I need a free(open-source) solution that given the lat/lng can return the closet city/state or zip. mysql is not an option, a small lightweight database would be the best if possible.

Updates: No web services, with 50 million impressions a day even the smallest addon hurts so adding a service request would kill response time. I would prefer not to add more than 200 milliseconds on to the request.

I have the database, lat/lon/zip/city/state in csv it's just how to store and more importantly how to retrieve it the quickest.

Aletaaletha answered 11/8, 2009 at 14:1 Comment(4)
I have the data of city,state, zip, lat, lng but I would still need an algorithm to match any lat/lng to the closet city.Aletaaletha
I'd edit your comment into the question itself. Everyone here (myself included) assumed you were looking for a data source, not a search algorithm.Dinnie
NO web services...any hit to a web service will add at least 300-400 milliseconds to each request if the service is up and reliable.Aletaaletha
Again, put that in your original question.Roughhew
D
10

Brute force: pre-load all of your data into an array. Calculate the distance between your current point and each point in the array (there's a method to do this calculation that uses linear algebra instead of trig functions, but I don't recall what it is offhand) to find the closest point.

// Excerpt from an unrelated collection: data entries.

(* There are infinitely many positive integers $N$ for which there is no representation $N=A/B$ with $A,B$ antipalindromic numbers.
   Context: A positive integer $n$ is antipalindromic if its binary representation $w=w_1\cdots w_L$ (most significant digit first, no leading zeros) has even length $L$ and satisfies $w_i+w_{L+1-i}=1$ for all $i$. *)

theory Defs
  imports Main
begin

definition bin_digit :: "nat \<Rightarrow> nat \<Rightarrow> nat" where
  "bin_digit n i = (n div 2 ^ i) mod 2"

definition bin_len :: "nat \<Rightarrow> nat" where
  "bin_len n = (LEAST L. n < 2 ^ L)"

text \<open>n antipalindromic: n > 0, binary length L even, and w_i + w_{L+1-i} = 1 for all i.
  Indexing from the least significant digit, w_i (msd-first, 1-based) is bin_digit n (L-i),
  so the condition is bin_digit n j + bin_digit n (L-1-j) = 1 for all j < L.\<close>
definition antipalindromic :: "nat \<Rightarrow> bool" where
  "antipalindromic n \<longleftrightarrow> n > 0 \<and> even (bin_len n) \<and>
     (\<forall>j < bin_len n. bin_digit n j + bin_digit n (bin_len n - 1 - j) = 1)"

end

theory Submission
  imports Defs
begin

(* No power 2^m with m > 0 is a quotient A / B of antipalindromic numbers. Write B = 2^t * C
   with C odd, so that the lowest nonzero binary digit of B is at position t; as B is
   antipalindromic, the digit mirror to it, at position L - 1 - t for L the length of B, is 0.
   Multiplying by 2^m shifts all digits up by m and lengthens the word by m. Hence in A = 2^m * B
   the pair mirrored around position t consists of digit t of A, which is 0 since t < t + m, and
   digit L + m - 1 - t of A, which is the digit 0 of B at position L - 1 - t: the pair does not
   sum to 1. *)

lemma obtain_two_power_mult_odd:
  fixes n :: nat
  assumes "n > 0"
  obtains k c where "n = 2 ^ k * c" and "odd c"
  using assms
proof (induction n arbitrary: thesis rule: less_induct)
  case (less n)
  show ?case
  proof (cases "odd n")
    case True
    then show ?thesis using less.prems(1)[of 0 n] by simp
  next
    case False
    then have "n = 2 * (n div 2)" and "0 < n div 2" "n div 2 < n"
      using less.prems(2) by auto
    then obtain k c where "n = 2 * (2 ^ k * c)" "odd c"
      using less.IH[of "n div 2"] by metis
    then show ?thesis
      using less.prems(1)[of "Suc k" c] by (simp add: mult.assoc)
  qed
qed

lemma bin_len_eqI:
  assumes "n < 2 ^ L" and "\<And>l. n < 2 ^ l \<Longrightarrow> L \<le> l"
  shows "bin_len n = L"
  unfolding bin_len_def using assms by (intro Least_equality) auto

lemma less_two_power_bin_len: "n < 2 ^ bin_len n"
  unfolding bin_len_def by (rule LeastI[of _ n]) simp

lemma bin_len_le: "n < 2 ^ l \<Longrightarrow> bin_len n \<le> l"
  unfolding bin_len_def by (rule Least_le)

lemma bin_len_two_power_mult:
  assumes "n > 0"
  shows "bin_len (2 ^ m * n) = bin_len n + m"
proof (rule bin_len_eqI)
  show "2 ^ m * n < 2 ^ (bin_len n + m)"
    using less_two_power_bin_len[of n] by (simp add: power_add)
next
  fix l assume l: "2 ^ m * n < (2::nat) ^ l"
  have "(2::nat) ^ m \<le> 2 ^ m * n" using assms by simp
  then have "(2::nat) ^ m < 2 ^ l" using l by linarith
  then have "m \<le> l" by simp
  then have "2 ^ m * n < 2 ^ m * (2::nat) ^ (l - m)"
    using l by (simp flip: power_add)
  then have "bin_len n \<le> l - m" by (intro bin_len_le) simp
  with \<open>m \<le> l\<close> show "bin_len n + m \<le> l" by simp
qed

lemma bin_digit_ge_bin_len:
  assumes "bin_len n \<le> i"
  shows "bin_digit n i = 0"
proof -
  have "(2::nat) ^ bin_len n \<le> 2 ^ i" using assms by simp
  then have "n < 2 ^ i"
    using less_two_power_bin_len[of n] by linarith
  then show ?thesis unfolding bin_digit_def by simp
qed

lemma bin_digit_two_power_mult_shift: "bin_digit (2 ^ m * n) (i + m) = bin_digit n i"
  unfolding bin_digit_def by (simp add: power_add)

lemma bin_digit_two_power_mult_low:
  assumes "i < m"
  shows "bin_digit (2 ^ m * n) i = 0"
proof -
  have "(2::nat) ^ m * n = 2 ^ i * (2 ^ (m - i) * n)"
    using assms by (simp add: mult.assoc flip: power_add)
  then have "(2::nat) ^ m * n div 2 ^ i = 2 ^ (m - i) * n"
    by (simp only: nonzero_mult_div_cancel_left power_not_zero zero_neq_numeral not_False_eq_True)
  moreover have "even ((2::nat) ^ (m - i) * n)" using assms by simp
  ultimately show ?thesis unfolding bin_digit_def by simp
qed

lemma not_antipalindromic_two_power_mult:
  assumes "m > 0" and B: "antipalindromic B"
  shows "\<not> antipalindromic (2 ^ m * B)"
proof
  assume A: "antipalindromic (2 ^ m * B)"
  define L where "L = bin_len B"
  have "B > 0" using B unfolding antipalindromic_def by simp
  then obtain t C where B_eq: "B = 2 ^ t * C" and "odd C"
    by (rule obtain_two_power_mult_odd)
  have digit_t: "bin_digit B t = 1"
    using bin_digit_two_power_mult_shift[of t C 0] \<open>odd C\<close>
    unfolding B_eq bin_digit_def by (simp add: odd_iff_mod_2_eq_one)
  then have "t < L"
    unfolding L_def using bin_digit_ge_bin_len[of B t] by (cases "t < bin_len B") auto
  then have mirror_B: "bin_digit B (L - 1 - t) = 0"
    using B digit_t unfolding antipalindromic_def L_def by fastforce
  have "bin_len (2 ^ m * B) = L + m"
    unfolding L_def using \<open>B > 0\<close> by (rule bin_len_two_power_mult)
  moreover have "L + m - 1 - t = (L - 1 - t) + m" using \<open>t < L\<close> by simp
  ultimately have mirror_A:
    "bin_digit (2 ^ m * B) t + bin_digit (2 ^ m * B) ((L - 1 - t) + m) = 1"
    using A \<open>t < L\<close> unfolding antipalindromic_def by force
  have "2 ^ m * B = 2 ^ (t + m) * C"
    unfolding B_eq by (simp add: power_add ac_simps)
  then have "bin_digit (2 ^ m * B) t = 0"
    using bin_digit_two_power_mult_low[of t "t + m" C] \<open>m > 0\<close> by simp
  with mirror_A mirror_B show False
    by (simp add: bin_digit_two_power_mult_shift)
qed

theorem theorem18:
  shows "infinite {N :: nat. N > 0 \<and>
           \<not> (\<exists>A B. antipalindromic A \<and> antipalindromic B \<and> A = N * B)}"
proof
  let ?two_powers = "\<lambda>m. (2::nat) ^ Suc m"
  assume "finite {N :: nat. N > 0 \<and>
           \<not> (\<exists>A B. antipalindromic A \<and> antipalindromic B \<and> A = N * B)}"
  moreover have "range ?two_powers \<subseteq> {N :: nat. N > 0 \<and>
           \<not> (\<exists>A B. antipalindromic A \<and> antipalindromic B \<and> A = N * B)}"
    using not_antipalindromic_two_power_mult[of "Suc _"] by auto
  moreover have "inj ?two_powers" by (rule injI) simp
  ultimately show False using inj_on_finite by blast
qed

end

Please read this before down-voting: there are ways to speed up a brute force search like this, but I've found that they're usually not worth the trouble. Not only have I used this approach before to find nearest zip from latitude/longitude, I've used it in a Windows Mobile application (where the processing power is not exactly overwhelming) and still achieved sub-second search times. As long as you avoid the use of trig functions, this is not an expensive process.

Update: you can speed up the search time by apportioning your zip data into sub-regions (quadrants, for example, like northwest, southeast etc.) and saving the region ID with each data point. In the search, then, you first determine what region your current location is in, and compare only to those data points.

To avoid boundary errors (like when your current location is near the edge of its region but is actually closest to a zip in the neighboring region), your regions should overlap to some extent. This means some of your zip records will be duplicated, so your overall dataset will be a bit larger.

Dinnie answered 11/8, 2009 at 14:35 Comment(5)
This is my fallback, I'm assuming it will be fast and not take up too much memory so if nothing else comes up this is what I'll have to do.Aletaaletha
I updated my answer a bit. If you break your data up into regions, you can avoid pre-loading everything, although unless I'm hallucinating there are only about 75,000 zipcodes in the US so the memory consumption would be trivial.Dinnie
What you're describing (breaking the data up into quads, recursively) is called a quadtree. But you're right - for small(ish) datasets, the brute force approach is probably just fine - and way simpler than any indexing scheme.Roughhew
@Nick: I didn't suggest doing the quadrant approach recursively, although that's a good idea - you're giving me too much credit. :)Dinnie
The distance between two locations can't be done with linear algebra (see #28428). If your list has even a reasonable fraction of the cities in the US or world, the brute force method will not achieve your 200ms target. See my answer for an approach that does 3000 queries per second and uses a proper map, not a list of points.Indoiranian
I
10

This is a very interesting question with a complex answer.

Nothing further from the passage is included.